Task details: Which of the lines in the data mention the string "that"? List them all.

Data excerpts:
:::::

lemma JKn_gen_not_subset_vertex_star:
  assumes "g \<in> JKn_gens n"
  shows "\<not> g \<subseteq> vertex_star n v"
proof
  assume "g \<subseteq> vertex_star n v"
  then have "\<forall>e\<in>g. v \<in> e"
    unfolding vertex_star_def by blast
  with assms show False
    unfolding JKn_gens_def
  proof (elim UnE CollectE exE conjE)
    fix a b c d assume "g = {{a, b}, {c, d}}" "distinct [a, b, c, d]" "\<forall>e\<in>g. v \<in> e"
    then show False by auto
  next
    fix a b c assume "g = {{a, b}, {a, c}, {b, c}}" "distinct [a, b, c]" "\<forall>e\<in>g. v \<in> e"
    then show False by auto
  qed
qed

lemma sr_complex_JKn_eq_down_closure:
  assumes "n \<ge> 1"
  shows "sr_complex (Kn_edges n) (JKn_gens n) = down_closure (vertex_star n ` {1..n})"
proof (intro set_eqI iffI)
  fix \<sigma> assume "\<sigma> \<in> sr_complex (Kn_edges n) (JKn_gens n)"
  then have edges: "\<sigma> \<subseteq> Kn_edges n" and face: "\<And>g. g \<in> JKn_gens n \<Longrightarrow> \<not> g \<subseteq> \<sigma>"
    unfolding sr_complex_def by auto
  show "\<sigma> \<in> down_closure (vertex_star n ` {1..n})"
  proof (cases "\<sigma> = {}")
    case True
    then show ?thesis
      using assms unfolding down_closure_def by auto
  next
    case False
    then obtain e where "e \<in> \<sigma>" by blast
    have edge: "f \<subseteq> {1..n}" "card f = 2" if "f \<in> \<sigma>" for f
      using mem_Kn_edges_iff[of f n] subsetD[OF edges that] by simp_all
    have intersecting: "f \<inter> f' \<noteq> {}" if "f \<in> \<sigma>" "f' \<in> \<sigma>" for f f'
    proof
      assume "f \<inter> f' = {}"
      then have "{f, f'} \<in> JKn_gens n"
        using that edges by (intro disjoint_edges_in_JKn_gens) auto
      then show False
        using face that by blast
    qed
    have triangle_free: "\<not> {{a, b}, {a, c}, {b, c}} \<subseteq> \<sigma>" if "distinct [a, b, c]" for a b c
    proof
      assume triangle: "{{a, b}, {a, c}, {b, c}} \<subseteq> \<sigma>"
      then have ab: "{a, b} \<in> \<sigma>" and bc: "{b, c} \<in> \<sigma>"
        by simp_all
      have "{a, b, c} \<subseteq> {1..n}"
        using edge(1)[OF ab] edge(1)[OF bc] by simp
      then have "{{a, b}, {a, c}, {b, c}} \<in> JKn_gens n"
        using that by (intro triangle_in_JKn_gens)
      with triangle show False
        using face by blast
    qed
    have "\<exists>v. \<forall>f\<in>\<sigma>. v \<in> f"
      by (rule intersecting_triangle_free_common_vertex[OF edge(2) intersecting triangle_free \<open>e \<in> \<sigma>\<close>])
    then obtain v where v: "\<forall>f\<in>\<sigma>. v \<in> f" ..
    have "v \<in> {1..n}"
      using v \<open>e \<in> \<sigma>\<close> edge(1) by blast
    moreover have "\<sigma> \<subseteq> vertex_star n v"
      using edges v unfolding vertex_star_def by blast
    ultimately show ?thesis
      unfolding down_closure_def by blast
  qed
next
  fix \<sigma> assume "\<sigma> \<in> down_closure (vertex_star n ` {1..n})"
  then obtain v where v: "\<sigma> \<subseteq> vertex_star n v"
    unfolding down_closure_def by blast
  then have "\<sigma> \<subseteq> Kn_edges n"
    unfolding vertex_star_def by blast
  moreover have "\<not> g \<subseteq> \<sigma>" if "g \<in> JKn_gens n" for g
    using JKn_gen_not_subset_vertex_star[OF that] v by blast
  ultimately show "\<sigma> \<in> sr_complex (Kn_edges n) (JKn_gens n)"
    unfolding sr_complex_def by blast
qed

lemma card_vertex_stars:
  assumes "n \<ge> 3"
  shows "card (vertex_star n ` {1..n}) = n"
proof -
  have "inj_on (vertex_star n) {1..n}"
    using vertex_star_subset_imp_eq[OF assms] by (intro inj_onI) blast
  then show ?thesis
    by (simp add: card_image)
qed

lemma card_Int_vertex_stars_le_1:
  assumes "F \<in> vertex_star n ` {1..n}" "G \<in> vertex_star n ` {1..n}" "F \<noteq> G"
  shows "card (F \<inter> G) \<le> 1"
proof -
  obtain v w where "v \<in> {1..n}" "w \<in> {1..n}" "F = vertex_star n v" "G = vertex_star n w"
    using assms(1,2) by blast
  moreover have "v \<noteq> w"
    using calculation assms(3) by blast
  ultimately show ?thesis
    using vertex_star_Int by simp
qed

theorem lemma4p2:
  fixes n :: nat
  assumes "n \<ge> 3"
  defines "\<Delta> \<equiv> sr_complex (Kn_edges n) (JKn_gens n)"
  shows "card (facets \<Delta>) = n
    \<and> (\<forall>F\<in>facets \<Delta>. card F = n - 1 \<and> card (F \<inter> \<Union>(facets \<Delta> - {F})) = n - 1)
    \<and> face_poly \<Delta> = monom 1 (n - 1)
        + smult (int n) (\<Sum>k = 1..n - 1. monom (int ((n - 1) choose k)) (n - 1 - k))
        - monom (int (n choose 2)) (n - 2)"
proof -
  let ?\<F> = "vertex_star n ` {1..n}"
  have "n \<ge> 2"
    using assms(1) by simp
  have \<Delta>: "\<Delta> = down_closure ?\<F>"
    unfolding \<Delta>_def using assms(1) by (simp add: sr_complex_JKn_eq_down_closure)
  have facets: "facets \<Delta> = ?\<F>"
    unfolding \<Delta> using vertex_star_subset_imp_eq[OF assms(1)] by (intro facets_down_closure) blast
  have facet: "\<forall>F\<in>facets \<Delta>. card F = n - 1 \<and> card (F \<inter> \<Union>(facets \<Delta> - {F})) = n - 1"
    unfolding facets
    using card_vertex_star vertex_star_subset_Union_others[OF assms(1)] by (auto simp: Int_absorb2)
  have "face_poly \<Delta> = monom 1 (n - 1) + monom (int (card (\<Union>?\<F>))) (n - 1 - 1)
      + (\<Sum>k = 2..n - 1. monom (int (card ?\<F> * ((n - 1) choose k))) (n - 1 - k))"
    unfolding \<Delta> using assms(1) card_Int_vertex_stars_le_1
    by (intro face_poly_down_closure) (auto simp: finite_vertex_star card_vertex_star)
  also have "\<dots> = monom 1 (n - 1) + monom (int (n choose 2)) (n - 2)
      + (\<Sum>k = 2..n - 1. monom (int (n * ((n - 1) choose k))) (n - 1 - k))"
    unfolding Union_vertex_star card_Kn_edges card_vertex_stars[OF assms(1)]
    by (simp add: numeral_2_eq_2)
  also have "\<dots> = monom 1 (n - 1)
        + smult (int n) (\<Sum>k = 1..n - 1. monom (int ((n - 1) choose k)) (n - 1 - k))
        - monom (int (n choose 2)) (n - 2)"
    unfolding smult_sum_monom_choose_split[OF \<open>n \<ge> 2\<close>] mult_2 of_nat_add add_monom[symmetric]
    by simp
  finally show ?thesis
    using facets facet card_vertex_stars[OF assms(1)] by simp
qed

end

:::::

Solution to this problem:
      using mem_Kn_edges_iff[of f n] subsetD[OF edges that] by simp_all
        using that edges by (intro disjoint_edges_in_JKn_gens) auto
        using face that by blast
        using that by (intro triangle_in_JKn_gens)
    using JKn_gen_not_subset_vertex_star[OF that] v by blast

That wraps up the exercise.